You are viewing a plain text version of this content. The canonical link for it is here.

Posted to solr-user@lucene.apache.org by Bjarke Buur Mortensen <mo...@eluence.com> on 2019/08/27 12:48:56 UTC

Query-time synonyms without indexing

We have a solr file of type "string".
It turns out that we need to do synonym expansion on query time in order to
account for some changes over time in the values stored in that field.

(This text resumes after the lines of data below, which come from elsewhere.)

(* Let $A=(a_{ij})\in\mathcal{B}^{m,n}$ and let $k$ be a field. Let $k[A]=k[x_{ij} : a_{ij}=1]$ and let $A[x]$ be the $m\times n$ matrix over $k[A]$ with $A[x]_{ij}=x_{ij}$ if $a_{ij}=1$ and $A[x]_{ij}=0$ if $a_{ij}=0$. Let $I_2(A)\subseteq k[A]$ be the ideal generated by all $2\times 2$ minors of $A[x]$. Then for entries $a_{ij}=a_{k\ell}=1$, the pair $\{a_{ij},a_{k\ell}\}$ is an isolated pair if and only if $x_{ij}x_{k\ell}\in I_2(A)$.
   Context: $\mathcal{B}^{m,n}$ denotes $m\times n$ matrices with entries in the Boolean semiring $\{0,1\}$ with $\vee$ (or), $\wedge$ (and). A pair of entries $\{a_{ij},a_{k\ell}\}$ of $A$ is called isolated if $a_{ij}=a_{k\ell}=1$ and $a_{i\ell}\wedge a_{kj}=0$. *)

theory Defs
  imports Main "HOL-Library.Poly_Mapping"
begin

text \<open>Multivariate polynomials over a field k in the variables x_(i,j), represented as
  finitely supported maps from monomials (finitely supported exponent vectors) to coefficients.\<close>
type_synonym 'k mpoly = "((nat \<times> nat) \<Rightarrow>\<^sub>0 nat) \<Rightarrow>\<^sub>0 'k"

definition Var :: "nat \<times> nat \<Rightarrow> 'k::comm_ring_1 mpoly" where
  "Var v = Poly_Mapping.single (Poly_Mapping.single v 1) 1"

text \<open>Boolean m x n matrices: A i j for i < m, j < n (True = 1, False = 0).\<close>
definition isolated_pair :: "(nat \<Rightarrow> nat \<Rightarrow> bool) \<Rightarrow> nat \<Rightarrow> nat \<Rightarrow> nat \<Rightarrow> nat \<Rightarrow> bool" where
  "isolated_pair A i j k l \<longleftrightarrow> A i j \<and> A k l \<and> \<not> (A i l \<and> A k j)"

definition kA :: "nat \<Rightarrow> nat \<Rightarrow> (nat \<Rightarrow> nat \<Rightarrow> bool) \<Rightarrow> 'k::field mpoly set" where
  "kA m n A = {p. \<forall>mo \<in> Poly_Mapping.keys p. \<forall>v \<in> Poly_Mapping.keys mo.
                    fst v < m \<and> snd v < n \<and> A (fst v) (snd v)}"

definition Ax :: "(nat \<Rightarrow> nat \<Rightarrow> bool) \<Rightarrow> nat \<Rightarrow> nat \<Rightarrow> 'k::field mpoly" where
  "Ax A i j = (if A i j then Var (i, j) else 0)"

definition minors2 :: "nat \<Rightarrow> nat \<Rightarrow> (nat \<Rightarrow> nat \<Rightarrow> bool) \<Rightarrow> 'k::field mpoly set" where
  "minors2 m n A = {Ax A i j * Ax A k l - Ax A i l * Ax A k j | i j k l.
                      i < k \<and> k < m \<and> j < l \<and> l < n}"

definition ideal_in :: "'a::comm_ring_1 set \<Rightarrow> 'a set \<Rightarrow> 'a set" where
  "ideal_in R G = {\<Sum>g\<in>F. c g * g | F c. finite F \<and> F \<subseteq> G \<and> (\<forall>g\<in>F. c g \<in> R)}"

definition I2 :: "nat \<Rightarrow> nat \<Rightarrow> (nat \<Rightarrow> nat \<Rightarrow> bool) \<Rightarrow> 'k::field mpoly set" where
  "I2 m n A = ideal_in (kA m n A) (minors2 m n A)"

end

theory Submission
  imports Defs
begin

text \<open>If the pair is isolated, the second term of the 2-minor on rows i, k and columns j, l
  vanishes, so that minor is \<open>\<plusminus>x\<^sub>i\<^sub>j x\<^sub>k\<^sub>l\<close>. Conversely, if also
  \<open>a\<^sub>i\<^sub>l = a\<^sub>k\<^sub>j = 1\<close>, take the linear functional summing the coefficients of the
  monomials \<open>x\<^sub>i\<^sub>j x\<^sub>k\<^sub>l\<close> and \<open>x\<^sub>i\<^sub>l x\<^sub>k\<^sub>j\<close> (one monomial if i = k or j = l).
  As minors are quadratic forms, on a multiple \<open>q g\<close> of a minor it only sees the constant
  term of q times the coefficients of g, and every minor contains either both monomials with
  opposite signs or neither. So the functional vanishes on \<open>I\<^sub>2(A)\<close>, but it is 1 on
  \<open>x\<^sub>i\<^sub>j x\<^sub>k\<^sub>l\<close>.\<close>

definition quad_monom :: "'a \<Rightarrow> 'a \<Rightarrow> 'a \<Rightarrow>\<^sub>0 nat" where
  "quad_monom a b = Poly_Mapping.single a 1 + Poly_Mapping.single b 1"

lemma lookup_quad_monom:
  "Poly_Mapping.lookup (quad_monom a b) x = (if x = a then 1 else 0) + (if x = b then 1 else 0)"
  by (simp add: quad_monom_def lookup_add lookup_single when_def)

lemma quad_monom_eq_iff:
  "quad_monom a b = quad_monom p q \<longleftrightarrow> (a = p \<and> b = q) \<or> (a = q \<and> b = p)"
proof
  assume "quad_monom a b = quad_monom p q"
  then have eq: "Poly_Mapping.lookup (quad_monom a b) x = Poly_Mapping.lookup (quad_monom p q) x" for x
    by simp
  have "a = p \<or> a = q"
    using eq[of a] by (simp add: lookup_quad_monom split: if_split_asm)
  then show "(a = p \<and> b = q) \<or> (a = q \<and> b = p)"
    using eq[of b] by (auto simp: lookup_quad_monom split: if_split_asm)
qed (auto simp: quad_monom_def add.commute)

definition total_degree :: "('a \<Rightarrow>\<^sub>0 nat) \<Rightarrow> nat" where
  "total_degree s = (\<Sum>x\<in>Poly_Mapping.keys s. Poly_Mapping.lookup s x)"

lemma total_degree_add: "total_degree (s + t) = total_degree s + total_degree t"
  unfolding total_degree_def by (rule setsum_keys_plus_distrib) auto

lemma total_degree_single [simp]: "total_degree (Poly_Mapping.single a n) = n"
  by (simp add: total_degree_def)

lemma total_degree_eq_0_iff [simp]: "total_degree s = 0 \<longleftrightarrow> s = 0"
  by (auto simp: total_degree_def in_keys_iff intro: poly_mapping_eqI)

lemma total_degree_quad_monom [simp]: "total_degree (quad_monom a b) = 2"
  by (simp add: quad_monom_def total_degree_add)

lemma add_eq_same_degree_imp_zero:
  assumes "l + s = t" "total_degree s = total_degree t"
  shows "l = 0"
  using assms by (metis add_cancel_right_left total_degree_add total_degree_eq_0_iff)

lemma lookup_mult_single_same_degree:
  fixes c :: "('a \<Rightarrow>\<^sub>0 nat) \<Rightarrow>\<^sub>0 'k::comm_semiring_1"
  assumes "total_degree s = total_degree t"
  shows "Poly_Mapping.lookup (c * Poly_Mapping.single s r) t =
           (if s = t then Poly_Mapping.lookup c 0 * r else 0)"
proof -
  have "Poly_Mapping.lookup (c * Poly_Mapping.single s r) t =
          (\<Sum>l. Poly_Mapping.lookup c l * (\<Sum>q. (r when t = l + q) when s = q))"
    by (simp only: lookup_mult lookup_single when_when conj_commute)
  also have "\<dots> = (\<Sum>l. (Poly_Mapping.lookup c l * r when s = t) when l = 0)"
    using add_eq_same_degree_imp_zero[OF _ assms] by (intro Sum_any.cong) (auto simp: when_def)
  also have "\<dots> = (if s = t then Poly_Mapping.lookup c 0 * r else 0)"
    by (simp add: when_def)
  finally show ?thesis .
qed

lemma Var_mult_Var: "(Var a * Var b :: 'k::comm_ring_1 mpoly) = Poly_Mapping.single (quad_monom a b) 1"
  by (simp add: Var_def mult_single quad_monom_def)

lemma mult_mem_ideal_in: "c \<in> R \<Longrightarrow> g \<in> G \<Longrightarrow> c * g \<in> ideal_in R G"
  unfolding ideal_in_def by (intro CollectI exI[of _ "{g}"] exI[of _ "\<lambda>_. c"]) simp

lemma zero_mem_ideal_in: "0 \<in> ideal_in R G"
  unfolding ideal_in_def by (intro CollectI exI[of _ "{}"]) simp

lemma additive_vanishes_on_ideal_in:
  fixes \<phi> :: "'a::comm_ring_1 \<Rightarrow> 'b::comm_monoid_add"
  assumes "x \<in> ideal_in R G"
    and "\<phi> 0 = 0" "\<And>x y. \<phi> (x + y) = \<phi> x + \<phi> y"
    and "\<And>c g. c \<in> R \<Longrightarrow> g \<in> G \<Longrightarrow> \<phi> (c * g) = 0"
  shows "\<phi> x = 0"
proof -
  obtain F c where x: "x = (\<Sum>g\<in>F. c g * g)" and F: "F \<subseteq> G" "\<forall>g\<in>F. c g \<in> R"
    using assms(1) unfolding ideal_in_def by blast
  have "\<phi> x = (\<Sum>g\<in>F. \<phi> (c g * g))"
    unfolding x using sum_comp_morphism[of \<phi> "\<lambda>g. c g * g" F, OF assms(2,3)] by (simp add: o_def)
  also have "\<dots> = 0"
    using F assms(4) by (intro sum.neutral) blast
  finally show ?thesis .
qed

definition minor2 :: "(nat \<Rightarrow> nat \<Rightarrow> bool) \<Rightarrow> nat \<Rightarrow> nat \<Rightarrow> nat \<Rightarrow> nat \<Rightarrow> 'k::field mpoly" where
  "minor2 A i j k l = Ax A i j * Ax A k l - Ax A i l * Ax A k j"

lemma minor2_swap_rows: "minor2 A k j i l = - minor2 A i j k l"
  by (simp add: minor2_def mult.commute)

lemma minor2_swap_cols: "minor2 A i l k j = - minor2 A i j k l"
  by (simp add: minor2_def)

lemma minor2_same_row: "minor2 A i j i l = 0"
  by (simp add: minor2_def mult.commute)

lemma minor2_same_col: "minor2 A i j k j = 0"
  by (simp add: minor2_def)

lemma minor2_mem_minors2: "i < k \<Longrightarrow> k < m \<Longrightarrow> j < l \<Longrightarrow> l < n \<Longrightarrow> minor2 A i j k l \<in> minors2 m n A"
  unfolding minors2_def minor2_def by blast

lemma minor2_mem_I2:
  assumes "i < m" "k < m" "j < n" "l < n"
  shows "(minor2 A i j k l :: 'k::field mpoly) \<in> I2 m n A"
proof -
  have unit: "(1 :: 'k mpoly) \<in> kA m n A" "(- 1 :: 'k mpoly) \<in> kA m n A"
    by (auto simp: kA_def)
  consider "i = k \<or> j = l" | "(minor2 A i j k l :: 'k mpoly) \<in> minors2 m n A"
    | "- (minor2 A i j k l :: 'k mpoly) \<in> minors2 m n A"
    using assms minor2_mem_minors2[of i k m j l n A] minor2_mem_minors2[of k i m j l n A]
      minor2_mem_minors2[of i k m l j n A] minor2_mem_minors2[of k i m l j n A]
    by (metis linorder_neqE_nat minor2_swap_cols minor2_swap_rows minus_minus)
  then show ?thesis
  proof cases
    case 1
    then show ?thesis by (auto simp: minor2_same_row minor2_same_col I2_def zero_mem_ideal_in)
  next
    case 2
    then show ?thesis using mult_mem_ideal_in[OF unit(1)] by (fastforce simp: I2_def)
  next
    case 3
    then show ?thesis using mult_mem_ideal_in[OF unit(2)] by (fastforce simp: I2_def)
  qed
qed

lemma minor2_isolated_pair:
  "isolated_pair A i j k l \<Longrightarrow> minor2 A i j k l = Var (i, j) * Var (k, l)"
  by (auto simp: isolated_pair_def minor2_def Ax_def)

lemma Ax_mult_Ax:
  "(Ax A a b * Ax A c d :: 'k::field mpoly) =
     (if A a b \<and> A c d then Poly_Mapping.single (quad_monom (a, b) (c, d)) 1 else 0)"
  by (simp add: Ax_def Var_mult_Var)

lemma sum_lookup_mult_single_same_degree:
  fixes c :: "('a \<Rightarrow>\<^sub>0 nat) \<Rightarrow>\<^sub>0 'k::comm_semiring_1"
  assumes "finite S" "\<forall>t\<in>S. total_degree t = total_degree s"
  shows "(\<Sum>t\<in>S. Poly_Mapping.lookup (c * Poly_Mapping.single s r) t) =
           (if s \<in> S then Poly_Mapping.lookup c 0 * r else 0)"
  using assms by (simp add: lookup_mult_single_same_degree sum.delta)

lemma sum_lookup_mult_minor2:
  fixes q :: "'k::field mpoly"
  assumes "finite S" "\<forall>M\<in>S. total_degree M = 2"
  shows "(\<Sum>M\<in>S. Poly_Mapping.lookup (q * minor2 A a b c d) M) = Poly_Mapping.lookup q 0 *
           ((if A a b \<and> A c d \<and> quad_monom (a, b) (c, d) \<in> S then 1 else 0)
            - (if A a d \<and> A c b \<and> quad_monom (a, d) (c, b) \<in> S then 1 else 0))"
  using assms
  by (simp add: minor2_def Ax_mult_Ax right_diff_distrib lookup_minus sum_subtractf
      sum_lookup_mult_single_same_degree)

definition minor_monomials :: "nat \<Rightarrow> nat \<Rightarrow> nat \<Rightarrow> nat \<Rightarrow> ((nat \<times> nat) \<Rightarrow>\<^sub>0 nat) set" where
  "minor_monomials i j k l = {quad_monom (i, j) (k, l), quad_monom (i, l) (k, j)}"

lemma minor_monomials_swap_cols:
  "quad_monom (a, d) (c, b) \<in> minor_monomials i j k l \<longleftrightarrow>
     quad_monom (a, b) (c, d) \<in> minor_monomials i j k l"
  by (auto simp: minor_monomials_def quad_monom_eq_iff)

lemma minor_monomials_corners:
  "quad_monom (a, b) (c, d) \<in> minor_monomials i j k l \<Longrightarrow>
     {(a, b), (c, d)} \<subseteq> {(i, j), (k, l), (i, l), (k, j)}"
  by (auto simp: minor_monomials_def quad_monom_eq_iff)

lemma sum_minor_monomials_mult_minor2:
  fixes q :: "'k::field mpoly"
  assumes "A i j" "A k l" "A i l" "A k j"
  shows "(\<Sum>M\<in>minor_monomials i j k l. Poly_Mapping.lookup (q * minor2 A a b c d) M) = 0"
proof -
  let ?S = "minor_monomials i j k l"
  have "(\<Sum>M\<in>?S. Poly_Mapping.lookup (q * minor2 A a b c d) M) = Poly_Mapping.lookup q 0 *
           ((if A a b \<and> A c d \<and> quad_monom (a, b) (c, d) \<in> ?S then 1 else 0)
            - (if A a d \<and> A c b \<and> quad_monom (a, d) (c, b) \<in> ?S then 1 else 0))"
    by (rule sum_lookup_mult_minor2) (auto simp: minor_monomials_def)
  also have "\<dots> = 0"
    using minor_monomials_corners[of a b c d i j k l] minor_monomials_corners[of a d c b i j k l]
      minor_monomials_swap_cols[of a d c b i j k l] assms
    by auto
  finally show ?thesis .
qed

lemma Var_mult_Var_notin_I2:
  assumes "A i j" "A k l" "A i l" "A k j"
  shows "(Var (i, j) * Var (k, l) :: 'k::field mpoly) \<notin> I2 m n A"
proof
  let ?\<phi> = "\<lambda>p :: 'k mpoly. \<Sum>M\<in>minor_monomials i j k l. Poly_Mapping.lookup p M"
  assume "(Var (i, j) * Var (k, l) :: 'k mpoly) \<in> I2 m n A"
  then have "?\<phi> (Var (i, j) * Var (k, l)) = 0"
    unfolding I2_def
  proof (rule additive_vanishes_on_ideal_in)
    fix c g :: "'k mpoly"
    assume "g \<in> minors2 m n A"
    then obtain a b c' d where "g = minor2 A a b c' d"
      unfolding minors2_def minor2_def by blast
    then show "?\<phi> (c * g) = 0"
      using sum_minor_monomials_mult_minor2[OF assms] by simp
  qed (simp_all add: lookup_add sum.distrib)
  moreover have "?\<phi> (Var (i, j) * Var (k, l)) = 1"
    by (simp add: Var_mult_Var minor_monomials_def lookup_single when_def sum.delta)
  ultimately show False
    by simp
qed

theorem lemma4p12:
  fixes A :: "nat \<Rightarrow> nat \<Rightarrow> bool" and m n i j k l :: nat
  assumes "i < m" "k < m" "j < n" "l < n"
      and "A i j" "A k l"
  shows "isolated_pair A i j k l \<longleftrightarrow>
           (Var (i, j) * Var (k, l) :: 'k::field mpoly) \<in> I2 m n A"
proof
  assume "isolated_pair A i j k l"
  then have "minor2 A i j k l = (Var (i, j) * Var (k, l) :: 'k mpoly)"
    by (rule minor2_isolated_pair)
  moreover have "(minor2 A i j k l :: 'k mpoly) \<in> I2 m n A"
    using assms(1-4) by (rule minor2_mem_I2)
  ultimately show "(Var (i, j) * Var (k, l) :: 'k mpoly) \<in> I2 m n A"
    by simp
next
  assume "(Var (i, j) * Var (k, l) :: 'k mpoly) \<in> I2 m n A"
  with Var_mult_Var_notin_I2[of A i j k l m n] show "isolated_pair A i j k l"
    using assms(5,6) unfolding isolated_pair_def by blast
qed

end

So we have tried introducing a custom fieldType that applies the synonym
filter at query time only (see bottom of mail), but that requires us to
change the field. But now, when we index new documents, Solr complains:
400 Bad Request
Error: 'Exception writing document id someid to the index; possible
analysis error: cannot change field "auth_country_code" from index
options=DOCS to inconsistent index options=DOCS_AND_FREQS_AND_POSITIONS',

Since we are only making query time changes, I would really like to not
have to reindex our entire collection. Is that possible somehow?

Thanks,
Bjarke


  <fieldType name="country_codes" class="solr.TextField"
sortMissingLast="true" positionIncrementGap="100">
    <analyzer>
        <tokenizer class="solr.KeywordTokenizerFactory"/>  <!-- no
splitting of input -->
    </analyzer>
    <analyzer type="query">
        <tokenizer class="solr.KeywordTokenizerFactory"/>
        <filter class="solr.SynonymGraphFilterFactory"
synonyms="country-synonyms.txt" ignoreCase="false" expand="true"/>
    </analyzer>
  </fieldType>

Re: Query-time synonyms without indexing

Posted by Erick Erickson <er...@gmail.com>.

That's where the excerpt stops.